Why aren't as distracted by hot dudes? I'm bi aren't I? Hot chicks! Gah! Focus.
I was heavily bullied and grew up in a Conservative safe seat. Homosexuality was an insult. You learned to hide it. I also had a lot of hero worship and so the two kind of joined and my attraction to men was excused as hero worship. Heterosexuality was normal and I have always wanted to be normal and so I have chased any kind of attraction toward women to a desperate degree. Exacerbating a microphilia fetish into a more standard and heavily watered down bdsm style fetish. Hence probably how by the time I matured enough to realise I was bisexual I viewed men healthily. As in if I am going to have an attraction towards a guy they have to be something special like Many A True Nerd, the kind of guy who is witty, moral, interested in similar things to me and nice while my attraction towards women is far more shallow, hence - Hot Chicks! -how a testosterone boost has more completely distracted. Hot Chicks!

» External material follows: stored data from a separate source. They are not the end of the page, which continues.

lemma sum_diff_squares_le:
  fixes u a b :: "nat \<Rightarrow> real"
  assumes unit: "(\<Sum>x<n. (u x)\<^sup>2) = 1"
    and a: "(\<Sum>x<n. (a x)\<^sup>2) \<le> s\<^sup>2" "(\<Sum>x<n. u x * a x) = c"
    and b: "(\<Sum>x<n. (b x)\<^sup>2) \<le> s\<^sup>2" "(\<Sum>x<n. u x * b x) = c"
  shows "(\<Sum>x<n. (b x - a x)\<^sup>2) \<le> 8 * s * (s - c)"
proof -
  \<comment> \<open>compare both a and b with s u\<close>
  have "(\<Sum>x<n. (b x - a x)\<^sup>2) \<le> (\<Sum>x<n. 2 * (a x - s * u x)\<^sup>2 + 2 * (b x - s * u x)\<^sup>2)"
  proof (intro sum_mono)
    fix x
    have "0 \<le> (a x + b x - 2 * s * u x)\<^sup>2" by simp
    thus "(b x - a x)\<^sup>2 \<le> 2 * (a x - s * u x)\<^sup>2 + 2 * (b x - s * u x)\<^sup>2"
      by (simp add: power2_eq_square algebra_simps)
  qed
  also have "\<dots> = 2 * (\<Sum>x<n. (a x)\<^sup>2) + 2 * (\<Sum>x<n. (b x)\<^sup>2) - 4 * s * (\<Sum>x<n. u x * a x)
                  - 4 * s * (\<Sum>x<n. u x * b x) + 4 * s\<^sup>2 * (\<Sum>x<n. (u x)\<^sup>2)"
    by (simp add: sum.distrib sum_subtractf sum_distrib_left power2_eq_square algebra_simps)
  also have "\<dots> \<le> 8 * s * (s - c)"
    using unit a b by (simp add: power2_eq_square algebra_simps)
  finally show ?thesis .
qed

text \<open>Q x y is the weight of the step from x to its parent y, parents pointing towards a
  fixed end of the graph, and G is a Busemann function of that end.\<close>
locale horofunction_walk =
  fixes n :: nat and M Q :: "nat \<Rightarrow> nat \<Rightarrow> real" and G :: "nat \<Rightarrow> real" and D :: real
  assumes D_gt_1: "D > 1"
    and M_eq: "x < n \<Longrightarrow> y < n \<Longrightarrow> M x y = (if x = y then 1 else 0) - (Q x y + Q y x) / D"
    and Q_nonneg: "x < n \<Longrightarrow> y < n \<Longrightarrow> Q x y \<ge> 0"
    and G_step: "x < n \<Longrightarrow> y < n \<Longrightarrow> Q x y \<noteq> 0 \<Longrightarrow> G y = G x - 1"
    and row_sum_le: "x < n \<Longrightarrow> (\<Sum>y<n. Q x y) \<le> 1"
    and col_sum_le: "y < n \<Longrightarrow> (\<Sum>x<n. Q x y) \<le> D - 1"
begin

definition parent_avg :: "(nat \<Rightarrow> real) \<Rightarrow> nat \<Rightarrow> real"
  where "parent_avg u x = (\<Sum>y<n. Q x y * u y)"

definition child_sum :: "(nat \<Rightarrow> real) \<Rightarrow> nat \<Rightarrow> real"
  where "child_sum u x = (\<Sum>y<n. Q y x * u y)"

lemma M_symmetric: "x < n \<Longrightarrow> y < n \<Longrightarrow> M x y = M y x"
  by (simp add: M_eq add.commute)

lemma Q_mult_G: "x < n \<Longrightarrow> y < n \<Longrightarrow> Q x y * G x = Q x y * (G y + 1)"
  using G_step by fastforce

lemma M_apply:
  assumes x: "x < n"
  shows "(\<Sum>y<n. M x y * u y) = u x - (parent_avg u x + child_sum u x) / D"
proof -
  have "(\<Sum>y<n. M x y * u y) = (\<Sum>y<n. (if x = y then u y else 0) - (Q x y * u y + Q y x * u y) / D)"
    using x D_gt_1 by (intro sum.cong refl) (auto simp: M_eq field_simps)
  thus ?thesis using x
    by (simp add: parent_avg_def child_sum_def sum_subtractf sum.distrib sum_divide_distrib[symmetric])
qed

lemma mult_commutator_G:
  assumes x: "x < n"
  shows "mult_commutator n M G u x = (parent_avg u x - child_sum u x) / D"
proof -
  have "M x y * (G y - G x) = (Q x y - Q y x) / D" if y: "y < n" for y
  proof (cases "x = y")
    case False
    have "M x y * (G y - G x) = - (Q x y * (G y - G x) + Q y x * (G y - G x)) / D"
      using x y False D_gt_1 by (simp add: M_eq field_simps)
    moreover have "Q x y * (G y - G x) = - Q x y" "Q y x * (G y - G x) = Q y x"
      using Q_mult_G[OF x y] Q_mult_G[OF y x] by (simp_all add: algebra_simps)
    ultimately show ?thesis by (simp add: minus_divide_left)
  qed simp
  thus ?thesis unfolding mult_commutator_def parent_avg_def child_sum_def
    by (simp add: sum_divide_distrib[symmetric] sum_subtractf[symmetric] left_diff_distrib)
qed
lemma boundary_flux_small_near_infinity:
  assumes production_bounded: "\<And>a b. 1 \<le> a \<Longrightarrow> a \<le> b \<Longrightarrow>
      integral {s..t} (\<lambda>\<tau>. integral {a..b} (\<lambda>x. x * (n x \<tau>)\<^sup>2)) \<le> C"
    and "0 < \<delta>"
  shows "\<exists>R > R0. boundary_flux R < \<delta>"
proof (rule ccontr)
  assume "\<not> ?thesis"
  then have flux_large: "\<delta> \<le> boundary_flux R" if "R0 < R" for R
    using that by force
  define R1 where "R1 = max R0 (max 1 (4/3 * M)) + 1"
  have R1: "R0 < R1" "1 \<le> R1" "4/3 * M \<le> R1"
    by (auto simp: R1_def)
  define a where "a = R1 + 1"
  define b where "b = a * exp (4 * (\<bar>C\<bar> + 1) / \<delta>)"
  have "1 \<le> a" "a \<le> b"
    using R1 \<open>0 < \<delta>\<close> by (auto simp: a_def b_def)
  have "\<bar>C\<bar> + 1 = \<delta> / 4 * ln (b / a)"
    using \<open>1 \<le> a\<close> \<open>0 < \<delta>\<close> by (simp add: b_def)
  also have "\<dots> \<le> integral {a..b} (\<lambda>x. x * sq_integral x)"
  proof (rule integral_ge_ln_ratio)
    show "continuous_on {a..b} (\<lambda>x. x * sq_integral x)"
      using \<open>1 \<le> a\<close> by (auto intro!: continuous_intros continuous_on_sq_integral)
    fix x assume "x \<in> {a..b}"
    then have "\<delta> / 4 \<le> x\<^sup>2 * sq_integral x" "0 < x"
      using weighted_sq_integral_large[OF \<open>0 < \<delta>\<close> R1(2,3)] flux_large R1(1) \<open>1 \<le> a\<close>
      by (auto simp: a_def)
    then show "\<delta> / 4 / x \<le> x * sq_integral x"
      by (simp add: power2_eq_square field_simps)
  qed (use \<open>1 \<le> a\<close> \<open>a \<le> b\<close> in auto)
  also have "\<dots> = integral {s..t} (\<lambda>\<tau>. integral {a..b} (\<lambda>x. x * (n x \<tau>)\<^sup>2))"
    unfolding sq_integral_def integral_mult_right[symmetric] using \<open>1 \<le> a\<close> slab
    by (intro integral_swap_interval) (auto simp: case_prod_beta' intro!: continuous_intros)
  also have "\<dots> \<le> C"
    using production_bounded \<open>1 \<le> a\<close> \<open>a \<le> b\<close> .
  finally show False
    by simp
qed

lemma nn_energy_inequality_interval:
  assumes "0 < \<epsilon>" "\<epsilon> \<le> R"
  shows "(\<integral>\<^sup>+x\<in>{\<epsilon>..R}. ennreal ((n x t)\<^sup>2) \<partial>lborel)
       + (\<integral>\<^sup>+\<tau>\<in>{s..t}. (\<integral>\<^sup>+x\<in>{\<epsilon>..R}. ennreal ((n x \<tau>)\<^sup>2 + x\<^sup>2 * (nx x \<tau>)\<^sup>2) \<partial>lborel) \<partial>lborel)
     \<le> (\<integral>\<^sup>+x\<in>{\<epsilon>..R}. ennreal ((n x s)\<^sup>2) \<partial>lborel)
       + 2 * (\<integral>\<^sup>+\<tau>\<in>{s..t}. (\<integral>\<^sup>+x\<in>{\<epsilon>..R}. ennreal (x * (n x \<tau>)\<^sup>2) \<partial>lborel) \<partial>lborel)
       + ennreal (boundary_flux R - boundary_flux \<epsilon>)"
proof -
  define It where "It = integral {\<epsilon>..R} (\<lambda>x. (n x t)\<^sup>2)"
  define Is where "Is = integral {\<epsilon>..R} (\<lambda>x. (n x s)\<^sup>2)"
  define JD where "JD = integral {s..t} (\<lambda>\<tau>. integral {\<epsilon>..R} (\<lambda>x. (n x \<tau>)\<^sup>2 + x\<^sup>2 * (nx x \<tau>)\<^sup>2))"
  define JX where "JX = integral {s..t} (\<lambda>\<tau>. integral {\<epsilon>..R} (\<lambda>x. x * (n x \<tau>)\<^sup>2))"
  define D where "D = boundary_flux R - boundary_flux \<epsilon>"
  have rect: "continuous_on ({\<epsilon>..R} \<times> {s..t}) (\<lambda>(x, \<tau>). (n x \<tau>)\<^sup>2 + x\<^sup>2 * (nx x \<tau>)\<^sup>2)"
    "continuous_on ({\<epsilon>..R} \<times> {s..t}) (\<lambda>(x, \<tau>). x * (n x \<tau>)\<^sup>2)"
    using assms slab by (auto simp: case_prod_beta' intro!: continuous_intros)
  have JD: "0 \<le> JD" "(\<integral>\<^sup>+\<tau>\<in>{s..t}. (\<integral>\<^sup>+x\<in>{\<epsilon>..R}.
      ennreal ((n x \<tau>)\<^sup>2 + x\<^sup>2 * (nx x \<tau>)\<^sup>2) \<partial>lborel) \<partial>lborel) = ennreal JD"
    unfolding JD_def by (intro iterated_integral_interval_continuous[OF rect(1)]; simp)+
  have JX: "0 \<le> JX" "(\<integral>\<^sup>+\<tau>\<in>{s..t}. (\<integral>\<^sup>+x\<in>{\<epsilon>..R}.
      ennreal (x * (n x \<tau>)\<^sup>2) \<partial>lborel) \<partial>lborel) = ennreal JX"
    unfolding JX_def using assms by (intro iterated_integral_interval_continuous[OF rect(2)]; simp)+
  have It: "(\<integral>\<^sup>+x\<in>{\<epsilon>..R}. ennreal ((n x t)\<^sup>2) \<partial>lborel) = ennreal It"
    and Is: "(\<integral>\<^sup>+x\<in>{\<epsilon>..R}. ennreal ((n x s)\<^sup>2) \<partial>lborel) = ennreal Is"
    unfolding It_def Is_def using assms slab
    by (auto intro!: nn_integral_interval_continuous continuous_intros)
  have "0 \<le> It" and Is_nonneg: "0 \<le> Is"
    unfolding It_def Is_def using assms slab
    by (auto intro!: integral_nonneg integrable_continuous_interval continuous_intros)
  have "integral {s..t} (\<lambda>\<tau>. energy_flux R \<tau> - energy_flux \<epsilon> \<tau>) = D"
    unfolding D_def boundary_flux_def energy_flux_def using assms slab
    by (intro integral_diff integrable_continuous_interval) (auto intro!: continuous_intros)
  then have "It + JD \<le> Is + 2 * JX + D"
    using energy_identity[OF assms slab(1) less_imp_le[OF slab(2)]] JD(1)
    unfolding It_def Is_def JD_def JX_def by linarith
  then have "ennreal (It + JD) \<le> ennreal (Is + 2 * JX + max D 0)"
    by (intro ennreal_leI) linarith
  also have "\<dots> = ennreal Is + 2 * ennreal JX + ennreal D"
    using Is_nonneg JX(1) by (simp add: ennreal_mult max_def ennreal_neg)
  finally show ?thesis
    unfolding It Is JD(2) JX(2) D_def using \<open>0 \<le> It\<close> JD(1) by simp
qed

lemma integral_production_le:
  assumes "0 < a" "a \<le> b"
  shows "ennreal (integral {s..t} (\<lambda>\<tau>. integral {a..b} (\<lambda>x. x * (n x \<tau>)\<^sup>2)))
    \<le> (\<integral>\<^sup>+\<tau>\<in>{s..t}. (\<integral>\<^sup>+x\<in>{0<..}. ennreal (x * (n x \<tau>)\<^sup>2) \<partial>lborel) \<partial>lborel)"
proof -
  have "ennreal (integral {s..t} (\<lambda>\<tau>. integral {a..b} (\<lambda>x. x * (n x \<tau>)\<^sup>2)))
      = (\<integral>\<^sup>+\<tau>\<in>{s..t}. (\<integral>\<^sup>+x\<in>{a..b}. ennreal (x * (n x \<tau>)\<^sup>2) \<partial>lborel) \<partial>lborel)"
    using assms slab
    by (intro iterated_integral_interval_continuous(2)[symmetric])
       (auto simp: case_prod_beta' intro!: continuous_intros)
  also have "\<dots> \<le> (\<integral>\<^sup>+\<tau>\<in>{s..t}. (\<integral>\<^sup>+x\<in>{0<..}. ennreal (x * (n x \<tau>)\<^sup>2) \<partial>lborel) \<partial>lborel)"
    using assms by (intro iterated_nn_integral_mono_set) auto
  finally show ?thesis .
qed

I cannot masturbate by the way. Not yet at least. So there is no way to exorcise these demons. It makes no sense. I can't do anything. I just really really really want in some nebulous way hot chicks. It is absurd. I keep asking myself "What are you going to do with them? Supposing you actually manage to encourage a hot chick to see you and consent to you what the fuck are you going to do? Yes kinkiness knows few boundaries but what the fuck is the point if it's not going to help you and you're still going to be just as frustrated by the end of it?"

But I don't care. I just see some blonde thin woman and I want her naked before me like a hungry man wants a roast dinner or a bucket of kfc. There is some visceral chemical urge, a great hunger demanding satiation and I cannot help myself I just picture hot chicks again and again over and over and it is so distracting. It is nice becxause that's part of the chemical hunger but if dwelled upon that lack of satiation turns to frustration and it's just really really distracting. I do hope this doesn't last long.